System.out.println(ack(3, 1)); // 13 System.out.println(ack(3, 2)); // 29 System.out.println(ack(4, 0)); // 13 System.out.println(ack(4, 1)); // 65533
計算できるとはいえ膨大な計算量を誇るアッカーマン関数、ack(4, 1) では実に 2862984010 回のループ、計算時間は Core i7 3770 を用いても約 400 秒かかりました。ベンチマークにはそれで良いのですが、我々プログラマは一般人と違って、急ぎでアッカーマン関数の値を知りたいことがしばしばあります。
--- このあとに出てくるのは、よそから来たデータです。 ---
lemma continuous_on_picard_iter: "continuous_on {0..T} (picard_iter f x0 m)"
proof (induction m)
  case 0
  then show ?case by simp
next
  case (Suc m)
  have "continuous_on {0..T} (\<lambda>s. f (picard_iter f x0 m s))"
    by (rule continuous_on_compose2[OF lipschitz_on_continuous_on[OF lip] Suc]) auto
  then show ?case
    by (auto intro!: continuous_on_add indefinite_integral_continuous_1 integrable_continuous_real)
qed

lemma integrable_picard_iter: "(\<lambda>s. f (picard_iter f x0 m s)) integrable_on {0..t}"
  by (intro integrable_continuous_real continuous_on_compose2[OF lipschitz_on_continuous_on[OF lip]
        continuous_on_picard_iter]) auto

lemma norm_picard_iter_Suc_diff_le:
  assumes "0 \<le> t"
  shows "norm (picard_iter f x0 (Suc m) t - picard_iter f x0 m t)
           \<le> norm (f x0) * L ^ m * t ^ Suc m / fact (Suc m)"
  using assms
proof (induction m arbitrary: t)
  case 0
  then show ?case by simp
next
  case (Suc m)
  let ?B = "norm (f x0)"
  have L0: "0 \<le> L" by (rule lipschitz_on_nonneg[OF lip])
  have "picard_iter f x0 (Suc (Suc m)) t - picard_iter f x0 (Suc m) t
      = integral {0..t} (\<lambda>s. f (picard_iter f x0 (Suc m) s) - f (picard_iter f x0 m s))"
    unfolding integral_diff[OF integrable_picard_iter integrable_picard_iter]
    by (subst (1 2) picard_iter.simps(2)) simp
  also have "norm \<dots> \<le> integral {0..t} (\<lambda>s. (L * (?B * L^m / fact (Suc m))) * s ^ Suc m)"
  proof (rule integral_norm_bound_integral)
    show "(\<lambda>s. f (picard_iter f x0 (Suc m) s) - f (picard_iter f x0 m s)) integrable_on {0..t}"
      by (rule integrable_diff[OF integrable_picard_iter integrable_picard_iter])
    show "(\<lambda>s. L * (?B * L ^ m / fact (Suc m)) * s ^ Suc m) integrable_on {0..t}"
      by (intro integrable_continuous_real continuous_intros)
    fix s assume s: "s \<in> {0..t}"
    have "norm (f (picard_iter f x0 (Suc m) s) - f (picard_iter f x0 m s))
        \<le> L * norm (picard_iter f x0 (Suc m) s - picard_iter f x0 m s)"
      by (rule lipschitz_on_normD[OF lip]) auto
    also have "\<dots> \<le> L * (?B * L^m * s^Suc m / fact (Suc m))"
      by (rule mult_left_mono[OF Suc.IH L0]) (use s in simp)
    finally show "norm (f (picard_iter f x0 (Suc m) s) - f (picard_iter f x0 m s))
        \<le> L * (?B * L ^ m / fact (Suc m)) * s ^ Suc m"
      by (simp add: field_simps)
  qed
  also have "\<dots> = (L * (?B * L^m / fact (Suc m))) * (t ^ Suc (Suc m) / Suc (Suc m))"
    using integral_power_atLeastAtMost_0[OF Suc.prems, of "Suc m"] by simp
  also have "\<dots> = ?B * L ^ Suc m * t ^ Suc (Suc m) / fact (Suc (Suc m))"
    by (simp add: field_simps fact_Suc[of "Suc m"])
  finally show ?case .
qed

definition picard_limit :: "real \<Rightarrow> 'a" where
  "picard_limit t = x0 + (\<Sum>j. picard_iter f x0 (Suc j) t - picard_iter f x0 j t)"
計算量の短縮を目的にちょっとコードに手を入れてみましょう。
先ほどの A(2, 1) の展開時の数列の、右から二番目、つまり m の値に注目してください。
[2, 1]
[1, 2, 0]
[1, 1, 1]
[1, 0, 1, 0]
[1, 0, 0, 1]
[1, 0, 2]
[1, 3]
[0, 1, 2]
[0, 0, 1, 1]
[0, 0, 0, 1, 0]
[0, 0, 0, 0, 1]
[0, 0, 0, 2]
[0, 0, 3]
[0, 4]
[5]
n != 0 かつ m が 1 の時、その後スタックが成長して元に戻ると m の部分には n + 2 が格納されています。例えば [1, 1, 1] は [1, 3] に、[0, 1, 2] は [0, 4] へと変化しています。
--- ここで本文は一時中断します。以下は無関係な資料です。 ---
(* There exists a family of CNFs $(\Delta_n)_{n \ge 3}$, where $\Delta_n$ has $n^3$ clauses, such that: (i) the primal treewidth of $\Delta_n$ is at least $n$ (in particular unbounded), and (ii) applying the BVA transformation 2 times to $\Delta_n$ can generate a CNF whose primal treewidth is at most 2.
   Context: BVA transformation: given a CNF $\Delta$ and a fresh variable $Y$ not occurring in $\Delta$, choose a set $C_Y = \{Y \vee \alpha_1,\ldots, Y\vee \alpha_m\}$ of clauses containing literal $Y$ and a set $C_{\neg Y} = \{\neg Y \vee \beta_1,\ldots,\neg Y\vee\beta_k\}$ of clauses containing $\neg Y$ (with $\alpha_i,\beta_j$ clauses over variables of $\Delta$) such that the set of resolvents $C_Y \bowtie C_{\neg Y} = \{\alpha_i \vee \beta_j\}$ is contained in the clauses of $\Delta$ and $|C_Y \bowtie C_{\neg Y}| > |C_Y| + |C_{\neg Y}|$; the result is $\Delta$ with the clauses $C_Y \bowtie C_{\neg Y}$ removed and the clauses $C_Y \cup C_{\neg Y}$ added. Primal treewidth: a jointree for a CNF $\Delta$ is a tree whose vertices are labeled with subsets (clusters) of the variables of $\Delta$ such that (i) for each clause some cluster contains all its variables, and (ii) if a variable appears in two clusters then it appears in every cluster on the path between them. The width of a jointree is its largest cluster size minus 1; the primal treewidth of $\Delta$ is the minimum width over its jointrees. *)

theory Defs
  imports Main
begin

datatype 'v lit = Pos 'v | Neg 'v

fun var :: "'v lit \<Rightarrow> 'v" where
  "var (Pos x) = x" | "var (Neg x) = x"

type_synonym 'v clause = "'v lit set"
type_synonym 'v cnf = "'v clause set"

definition vars_cl :: "'v clause \<Rightarrow> 'v set" where
  "vars_cl C = var ` C"

definition vars :: "'v cnf \<Rightarrow> 'v set" where
  "vars \<Delta> = (\<Union>C\<in>\<Delta>. vars_cl C)"

definition is_cnf :: "'v cnf \<Rightarrow> bool" where
  "is_cnf \<Delta> \<longleftrightarrow> finite \<Delta> \<and> (\<forall>C\<in>\<Delta>. finite C)"

text \<open>Resolvents of C_Y = {Y \<or> \<alpha> | \<alpha> \<in> A} and C_{\<not>Y} = {\<not>Y \<or> \<beta> | \<beta> \<in> B}.\<close>
definition resolvents :: "'v clause set \<Rightarrow> 'v clause set \<Rightarrow> 'v clause set" where
  "resolvents A B = {\<alpha> \<union> \<beta> | \<alpha> \<beta>. \<alpha> \<in> A \<and> \<beta> \<in> B}"

definition bva_step :: "'v cnf \<Rightarrow> 'v cnf \<Rightarrow> bool" where
  "bva_step \<Delta> \<Delta>' \<longleftrightarrow>
     (\<exists>Y A B.
        Y \<notin> vars \<Delta> \<and>
        finite A \<and> finite B \<and>
        (\<forall>\<alpha>\<in>A. finite \<alpha> \<and> vars_cl \<alpha> \<subseteq> vars \<Delta>) \<and>
        (\<forall>\<beta>\<in>B. finite \<beta> \<and> vars_cl \<beta> \<subseteq> vars \<Delta>) \<and>
        resolvents A B \<subseteq> \<Delta> \<and>
        card (resolvents A B) > card (insert (Pos Y) ` A) + card (insert (Neg Y) ` B) \<and>
        \<Delta>' = (\<Delta> - resolvents A B) \<union> (insert (Pos Y) ` A) \<union> (insert (Neg Y) ` B))"

definition is_path :: "nat set set \<Rightarrow> nat list \<Rightarrow> nat \<Rightarrow> nat \<Rightarrow> bool" where
  "is_path E p u v \<longleftrightarrow> p \<noteq> [] \<and> hd p = u \<and> last p = v \<and> distinct p \<and>
     (\<forall>i. Suc i < length p \<longrightarrow> {p ! i, p ! Suc i} \<in> E)"

definition is_tree :: "nat set \<Rightarrow> nat set set \<Rightarrow> bool" where
  "is_tree V E \<longleftrightarrow> finite V \<and> V \<noteq> {} \<and>
     (\<forall>e\<in>E. \<exists>u v. u \<in> V \<and> v \<in> V \<and> u \<noteq> v \<and> e = {u, v}) \<and>
     (\<forall>u\<in>V. \<forall>v\<in>V. \<exists>p. is_path E p u v) \<and>
     card E + 1 = card V"

definition jointree :: "'v cnf \<Rightarrow> nat set \<Rightarrow> nat set set \<Rightarrow> (nat \<Rightarrow> 'v set) \<Rightarrow> bool" where
  "jointree \<Delta> V E \<chi> \<longleftrightarrow> is_tree V E \<and>
     (\<forall>t\<in>V. \<chi> t \<subseteq> vars \<Delta>) \<and>
     (\<forall>C\<in>\<Delta>. \<exists>t\<in>V. vars_cl C \<subseteq> \<chi> t) \<and>
     (\<forall>x u v p. u \<in> V \<and> v \<in> V \<and> x \<in> \<chi> u \<and> x \<in> \<chi> v \<and> is_path E p u v
        \<longrightarrow> (\<forall>w\<in>set p. x \<in> \<chi> w))"

definition jt_width :: "nat set \<Rightarrow> (nat \<Rightarrow> 'v set) \<Rightarrow> nat" where
  "jt_width V \<chi> = Max ((\<lambda>t. card (\<chi> t)) ` V) - 1"

definition primal_tw :: "'v cnf \<Rightarrow> nat" where
  "primal_tw \<Delta> = (LEAST w. \<exists>V E \<chi>. jointree \<Delta> V E \<chi> \<and> jt_width V \<chi> = w)"

end

theory Submission
  imports Defs
begin

text \<open>
  The lower bound is the clique argument for treewidth: the subtrees of a jointree whose bags
  contain a fixed variable are convex, so by the Helly property of convex sets in a tree
  pairwise intersecting ones share a bag; hence every clique of the primal graph lies in a
  single bag. The family puts all clauses \<open>x \<or> \<not>y\<close> with \<open>x, y\<close> ranging over \<open>n + 1\<close> variables
  into \<open>\<Delta>\<^sub>n\<close>, a clique of size \<open>n + 1\<close>. One BVA step with a fresh \<open>Y\<close> factors these
  \<open>(n + 1)\<^sup>2\<close> clauses into the \<open>2(n + 1)\<close> clauses \<open>Y \<or> x\<close> and \<open>\<not>Y \<or> \<not>y\<close>, and a second one
  does the same to a small \<open>2 \<times> 3\<close> block. Afterwards every clause mentions at most one variable
  besides the two fresh ones, so a star whose bags are the two fresh variables plus one more is a
  jointree of width 2.
\<close>

fun edge_chain :: "nat set set \<Rightarrow> nat list \<Rightarrow> bool" where
  "edge_chain E (x # y # zs) \<longleftrightarrow> {x, y} \<in> E \<and> edge_chain E (y # zs)"
| "edge_chain E _ \<longleftrightarrow> True"

lemma edge_chain_iff_nth:
  "edge_chain E p \<longleftrightarrow> (\<forall>i. Suc i < length p \<longrightarrow> {p ! i, p ! Suc i} \<in> E)"
proof (induction E p rule: edge_chain.induct)
  case (1 E x y zs)
  then show ?case by (auto simp: nth_Cons less_Suc_eq_0_disj split: nat.split)
qed auto

lemma edge_chain_append:
  "edge_chain E (xs @ ys) \<longleftrightarrow>
     edge_chain E xs \<and> edge_chain E ys \<and> (xs \<noteq> [] \<and> ys \<noteq> [] \<longrightarrow> {last xs, hd ys} \<in> E)"
proof (induction xs)
  case (Cons a xs)
  then show ?case by (cases xs; cases ys) auto
qed auto

lemma edge_chain_rev: "edge_chain E (rev xs) \<longleftrightarrow> edge_chain E xs"
proof (induction E xs rule: edge_chain.induct)
  case (1 E x y zs)
  then show ?case by (simp add: edge_chain_append last_rev insert_commute) blast
qed auto

lemma is_path_iff_edge_chain:
  "is_path E p u v \<longleftrightarrow> p \<noteq> [] \<and> hd p = u \<and> last p = v \<and> distinct p \<and> edge_chain E p"
  unfolding is_path_def edge_chain_iff_nth by blast

lemma is_path_loop: "is_path E p u u \<Longrightarrow> p = [u]"
  by (cases p) (auto simp: is_path_def split: if_splits)

lemma set_path_subset:
  assumes "is_path E p u v" "u \<in> V" "\<forall>e\<in>E. e \<subseteq> V"
  shows "set p \<subseteq> V"
proof
  fix w assume "w \<in> set p"
  then obtain i where i: "i < length p" "p ! i = w" by (auto simp: in_set_conv_nth)
  show "w \<in> V"
  proof (cases i)
    case 0
    then show ?thesis using assms i by (cases p) (auto simp: is_path_def)
  next
    case (Suc j)
    then have "{p ! j, p ! Suc j} \<in> E" using assms(1) i by (auto simp: is_path_def)
    then show ?thesis using assms(3) i Suc by auto
  qed
qed

lemma path_via_common_vertex:
  assumes P: "is_path E P a b" and Q: "is_path E Q a c"
  obtains m R where "m \<in> set P" "m \<in> set Q" "m \<in> set R" "is_path E R b c"
proof -
  have "hd P \<in> set Q" using P Q hd_in_set[of Q] by (auto simp: is_path_iff_edge_chain)
  moreover have "hd P \<in> set P" using P by (auto simp: is_path_iff_edge_chain)
  ultimately obtain P1 m P2 where Ps: "P = P1 @ m # P2" "m \<in> set Q" "\<forall>z\<in>set P2. z \<notin> set Q"
    using split_list_last_prop[of P "\<lambda>x. x \<in> set Q"] by blast
  obtain Q1 Q2 where Qs: "Q = Q1 @ m # Q2" using Ps(2) split_list by metis
  \<comment> \<open>\<open>m\<close> is the last vertex of \<open>P\<close> on \<open>Q\<close>, so the two halves of \<open>R\<close> are disjoint.\<close>
  define R where "R = rev P2 @ m # Q2"
  have "edge_chain E (m # P2)" "edge_chain E (m # Q2)"
    using P Q Ps(1) Qs by (auto simp: is_path_iff_edge_chain edge_chain_append)
  then have "edge_chain E R"
    unfolding R_def using edge_chain_rev[of E "m # P2"] by (simp add: edge_chain_append)
  moreover have "hd R = b"
    using P Ps(1) by (cases P2) (auto simp: R_def is_path_iff_edge_chain hd_rev)
  moreover have "last R = c"
    using Q Qs by (auto simp: R_def is_path_iff_edge_chain)
  moreover have "distinct R"
    using P Q Ps Qs by (auto simp: R_def is_path_iff_edge_chain)
  ultimately have "is_path E R b c" by (simp add: is_path_iff_edge_chain R_def)
  then show thesis using Ps Qs by (intro that[of m R]) (auto simp: R_def)
qed

definition path_convex :: "nat set \<Rightarrow> nat set set \<Rightarrow> nat set \<Rightarrow> bool" where
  "path_convex V E S \<longleftrightarrow> S \<subseteq> V \<and> (\<forall>u\<in>S. \<forall>v\<in>S. \<forall>p. is_path E p u v \<longrightarrow> set p \<subseteq> S)"

lemma path_convex_path_subset:
  "path_convex V E S \<Longrightarrow> u \<in> S \<Longrightarrow> v \<in> S \<Longrightarrow> is_path E p u v \<Longrightarrow> set p \<subseteq> S"
  unfolding path_convex_def by blast

lemma path_convex_Int: "path_convex V E A \<Longrightarrow> path_convex V E B \<Longrightarrow> path_convex V E (A \<inter> B)"
  unfolding path_convex_def by blast

lemma path_convex_Helly3:
  assumes conn: "\<forall>u\<in>V. \<forall>v\<in>V. \<exists>p. is_path E p u v"
    and A: "path_convex V E A" and B: "path_convex V E B" and C: "path_convex V E C"
    and "A \<inter> B \<noteq> {}" "A \<inter> C \<noteq> {}" "B \<inter> C \<noteq> {}"
  shows "A \<inter> B \<inter> C \<noteq> {}"
proof -
  obtain a b c where a: "a \<in> B \<inter> C" and b: "b \<in> A \<inter> C" and c: "c \<in> A \<inter> B"
    using assms by blast
  then have "a \<in> V" "b \<in> V" "c \<in> V" using A B by (auto simp: path_convex_def)
  then obtain P Q where P: "is_path E P a b" and Q: "is_path E Q a c" using conn by blast
  then obtain m R where m: "m \<in> set P" "m \<in> set Q" "m \<in> set R" and R: "is_path E R b c"
    by (rule path_via_common_vertex)
  have "m \<in> A" using path_convex_path_subset[OF A _ _ R] b c m(3) by blast
  moreover have "m \<in> B" using path_convex_path_subset[OF B _ _ Q] a c m(2) by blast
  moreover have "m \<in> C" using path_convex_path_subset[OF C _ _ P] a b m(1) by blast
  ultimately show ?thesis by blast
qed

lemma path_convex_Helly:
  assumes conn: "\<forall>u\<in>V. \<forall>v\<in>V. \<exists>p. is_path E p u v"
    and "finite F" "F \<noteq> {}" "\<forall>S\<in>F. path_convex V E S" "\<forall>S\<in>F. \<forall>T\<in>F. S \<inter> T \<noteq> {}"
  shows "\<Inter>F \<noteq> {}"
  using assms(2-)
proof (induction "card F" arbitrary: F rule: less_induct)
  case less
  then obtain A where A: "A \<in> F" by blast
  show ?case
  proof (cases "F = {A}")
    case True
    then show ?thesis using less.prems(4) by simp
  next
    case False
    define F' where "F' = (\<lambda>S. A \<inter> S) ` (F - {A})"
    have ne: "F - {A} \<noteq> {}" using A False by blast
    have "card F' \<le> card (F - {A})" unfolding F'_def by (rule card_image_le) (use less.prems in simp)
    also have "\<dots> < card F" using less.prems(1) A by (rule card_Diff1_less)
    finally have "card F' < card F" .
    moreover have "finite F'" "F' \<noteq> {}" using less.prems(1) ne by (auto simp: F'_def)
    moreover have "\<forall>S\<in>F'. path_convex V E S"
      using less.prems(3) A by (auto simp: F'_def intro: path_convex_Int)
    moreover have "\<forall>S\<in>F'. \<forall>T\<in>F'. S \<inter> T \<noteq> {}"
    proof (intro ballI)
      fix S T assume "S \<in> F'" "T \<in> F'"
      then obtain S0 T0 where "S0 \<in> F" "T0 \<in> F" "S = A \<inter> S0" "T = A \<inter> T0" by (auto simp: F'_def)
      moreover have "A \<inter> S0 \<inter> T0 \<noteq> {}"
        using path_convex_Helly3[OF conn, of A S0 T0] less.prems(3,4) A \<open>S0 \<in> F\<close> \<open>T0 \<in> F\<close> by blast
      ultimately show "S \<inter> T \<noteq> {}" by blast
    qed
    ultimately have "\<Inter>F' \<noteq> {}" using less.hyps by blast
    moreover have "\<Inter>F' = \<Inter>F" using A ne by (auto simp: F'_def)
    ultimately show ?thesis by simp
  qed
qed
このショートカットを先ほどのコードに織り込んでしまいましょう。
public long extract(Stack<Long> stack) { while (stack.size() > 1) { long n = stack.pop(); long m = stack.pop(); if (m == 0) { stack.push(n + 1); } else if (n == 0) { stack.push(m - 1); stack.push(1L); } else if (m == 1) { stack.push(n + 2); // customize! } else { stack.push(m - 1); stack.push(m); stack.push(n - 1); } } return stack.pop(); }
たったこれだけで、A(4, 1) は 131042 回のループ、計算時間は 41ms で終わるようになりました。
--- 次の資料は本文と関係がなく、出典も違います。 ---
lemma mean_ratio_tendsto:
  fixes p e :: "nat \<Rightarrow> 'i \<Rightarrow> real"
  assumes fin: "\<And>n. finite (J n)"
    and K: "filterlim K at_top sequentially"
    and p: "\<And>n i. i \<in> J n \<Longrightarrow> 0 \<le> p n i \<and> p n i \<le> e n i"
    and e: "\<And>n i. i \<in> J n \<Longrightarrow> \<bar>K n * e n i - \<tau>\<bar> \<le> d n"
    and d: "d \<longlonglongrightarrow> 0" and "\<tau> > 0"
    and prod: "(\<lambda>n. \<Prod>i\<in>J n. 1 - p n i) \<longlonglongrightarrow> exp (- \<theta> * \<tau>)"
  shows "(\<lambda>n. (1 / K n) * (\<Sum>i\<in>J n. p n i / e n i)) \<longlonglongrightarrow> \<theta>"
proof -
  define q where "q n = (\<Sum>i\<in>J n. p n i)" for n
  have K_pos: "eventually (\<lambda>n. K n > 0) sequentially"
    using K by (simp add: filterlim_at_top_dense)
  have "(\<lambda>n. (\<tau> + d n) / K n) \<longlonglongrightarrow> 0"
    by (rule tendsto_divide_0[OF tendsto_add[OF tendsto_const d] filterlim_at_top_imp_at_infinity[OF K]])
  moreover from K_pos have "eventually (\<lambda>n. \<forall>i\<in>J n. 0 \<le> p n i \<and> p n i \<le> (\<tau> + d n) / K n) sequentially"
  proof eventually_elim
    case (elim n)
    have "p n i \<le> (\<tau> + d n) / K n" if "i \<in> J n" for i
    proof -
      have "K n * p n i \<le> K n * e n i" using p[OF that] elim by (simp add: mult_left_mono)
      also have "\<dots> \<le> \<tau> + d n" using e[OF that] by (simp add: abs_le_iff)
      finally show ?thesis using elim by (simp add: pos_le_divide_eq mult.commute)
    qed
    then show ?case using p by blast
  qed
  ultimately have q: "q \<longlonglongrightarrow> \<theta> * \<tau>"
    using sum_tendsto_of_prod_one_minus_tendsto[OF fin _ _ prod] unfolding q_def by simp
  have "eventually (\<lambda>n. d n < \<tau> / 2) sequentially"
    using order_tendstoD(2)[OF d, of "\<tau> / 2"] \<open>\<tau> > 0\<close> by simp
  with K_pos have "eventually (\<lambda>n. norm ((1 / K n) * (\<Sum>i\<in>J n. p n i / e n i) - q n / \<tau>)
      \<le> 2 * d n / \<tau>\<^sup>2 * q n) sequentially"
  proof eventually_elim
    case (elim n)
    then show ?case
      unfolding q_def real_norm_def
      by (intro mean_ratio_sub_sum_le) (use p e \<open>\<tau> > 0\<close> in auto)
  qed
  moreover have "(\<lambda>n. 2 * d n / \<tau>\<^sup>2 * q n) \<longlonglongrightarrow> 2 * 0 / \<tau>\<^sup>2 * (\<theta> * \<tau>)"
    by (intro tendsto_intros d q) (use \<open>\<tau> > 0\<close> in simp)
  then have "(\<lambda>n. 2 * d n / \<tau>\<^sup>2 * q n) \<longlonglongrightarrow> 0"
    by simp
  ultimately have "(\<lambda>n. (1 / K n) * (\<Sum>i\<in>J n. p n i / e n i) - q n / \<tau>) \<longlonglongrightarrow> 0"
    by (rule Lim_null_comparison)
  moreover have "(\<lambda>n. q n / \<tau>) \<longlonglongrightarrow> \<theta>"
    using tendsto_divide[OF q tendsto_const[of \<tau>]] \<open>\<tau> > 0\<close> by simp
  ultimately show ?thesis
    using tendsto_add by fastforce
qed

lemma inverse_near_one:
  fixes c \<delta> :: real
  assumes "\<bar>c - 1\<bar> < \<delta>" "\<delta> \<le> 1/2"
  shows "\<bar>inverse c - 1\<bar> \<le> 2 * \<delta>"
proof -
  have c: "c > 1/2" using assms by linarith
  have "\<bar>inverse c - 1\<bar> = \<bar>1 - c\<bar> / c"
    using c by (simp add: field_simps abs_divide)
  also have "\<dots> \<le> \<delta> / c" using assms c by (intro divide_right_mono) auto
  also have "\<dots> \<le> \<delta> / (1/2)" using assms c by (intro divide_left_mono) auto
  finally show ?thesis by simp
qed

lemma mean_near:
  fixes f :: "'i \<Rightarrow> real"
  assumes "finite J" "J \<noteq> {}" and f: "\<And>i. i \<in> J \<Longrightarrow> \<bar>f i - c\<bar> \<le> a"
  shows "\<bar>(1 / real (card J)) * (\<Sum>i\<in>J. f i) - c\<bar> \<le> a"
proof -
  have K: "real (card J) > 0" using assms by auto
  have "(1 / real (card J)) * (\<Sum>i\<in>J. f i) - c = (1 / real (card J)) * (\<Sum>i\<in>J. f i - c)"
    using K by (simp add: sum_subtractf field_simps)
  also have "\<bar>\<dots>\<bar> \<le> (1 / real (card J)) * (\<Sum>i\<in>J. \<bar>f i - c\<bar>)"
    using K by (simp add: abs_mult divide_right_mono[OF sum_abs])
  also have "\<dots> \<le> (1 / real (card J)) * (\<Sum>i\<in>J. a)"
    using K f by (intro mult_left_mono sum_mono) auto
  also have "\<dots> = a" using K by simp
  finally show ?thesis .
qed

lemma mean_inverse_tendsto_one:
  fixes g :: "nat \<Rightarrow> 'i \<Rightarrow> real"
  assumes "\<And>n. finite (J n)" "\<And>n. J n \<noteq> {}"
    and g: "\<forall>\<epsilon>>0. \<exists>N. \<forall>n\<ge>N. \<forall>i\<in>J n. \<bar>g n i - 1\<bar> < \<epsilon>"
  shows "(\<lambda>n. (1 / real (card (J n))) * (\<Sum>i\<in>J n. inverse (g n i))) \<longlonglongrightarrow> 1"
  unfolding LIMSEQ_def dist_real_def
proof (intro allI impI)
  fix r :: real
  assume "r > 0"
  then have "min (1/2) (r/4) > 0" by simp
  then obtain N where N: "\<forall>n\<ge>N. \<forall>i\<in>J n. \<bar>g n i - 1\<bar> < min (1/2) (r/4)"
    using g by blast
  have "\<bar>(1 / real (card (J n))) * (\<Sum>i\<in>J n. inverse (g n i)) - 1\<bar> < r" if "n \<ge> N" for n
  proof -
    have "\<bar>(1 / real (card (J n))) * (\<Sum>i\<in>J n. inverse (g n i)) - 1\<bar> \<le> 2 * min (1/2) (r/4)"
      using N that by (intro mean_near inverse_near_one assms) auto
    also have "\<dots> < r" using \<open>r > 0\<close> by simp
    finally show ?thesis .
  qed
  then show "\<exists>N. \<forall>n\<ge>N. \<bar>(1 / real (card (J n))) * (\<Sum>i\<in>J n. inverse (g n i)) - 1\<bar> < r"
    by blast
qed

lemma abs_rescaled_sub_le:
  fixes a c K x \<tau> \<delta> :: real
  assumes "0 \<le> c" "c \<le> a" "\<bar>c * K / a - 1\<bar> \<le> \<delta>"
  shows "\<bar>K * (c * x) - \<tau>\<bar> \<le> \<delta> * \<bar>a * x\<bar> + \<bar>a * x - \<tau>\<bar>"
proof (cases "a = 0")
  case True
  then show ?thesis using assms by simp
next
  case False
  then have "K * (c * x) - \<tau> = (c * K / a - 1) * (a * x) + (a * x - \<tau>)"
    by (simp add: field_simps)
  also have "\<bar>\<dots>\<bar> \<le> \<bar>c * K / a - 1\<bar> * \<bar>a * x\<bar> + \<bar>a * x - \<tau>\<bar>"
    by (metis abs_mult abs_triangle_ineq)
  also have "\<dots> \<le> \<delta> * \<bar>a * x\<bar> + \<bar>a * x - \<tau>\<bar>"
    using assms(3) by (simp add: mult_right_mono)
  finally show ?thesis .
qed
さらに改良し、m == 2 の時、計算後は n*2 + 3 が格納されることを利用してコードを修正します。
... else if (m == 1) { stack.push(n + 2); // customize! } else if (m == 2) { stack.push(n * 2 + 3); // customize! } ...
これで A(4, 1) はたった 34 回のループ、1ms で計算が終わります。同じロジックで long を BigInteger に修正すれば、A(4, 2) もほぼ一瞬で、19729 桁の巨大数が計算できます。
それでも A(4, 3) や A(5, 1) はこのロジックでは太刀打ちできず、Stack を確保するヒープが足りないのか計算パワーが足りないのかなどは些細な問題で、ただ単に計算不可能な巨大な数であるという圧倒的事実を前に我々は今のコンピューターの能力のちっぽけさを知ることができます。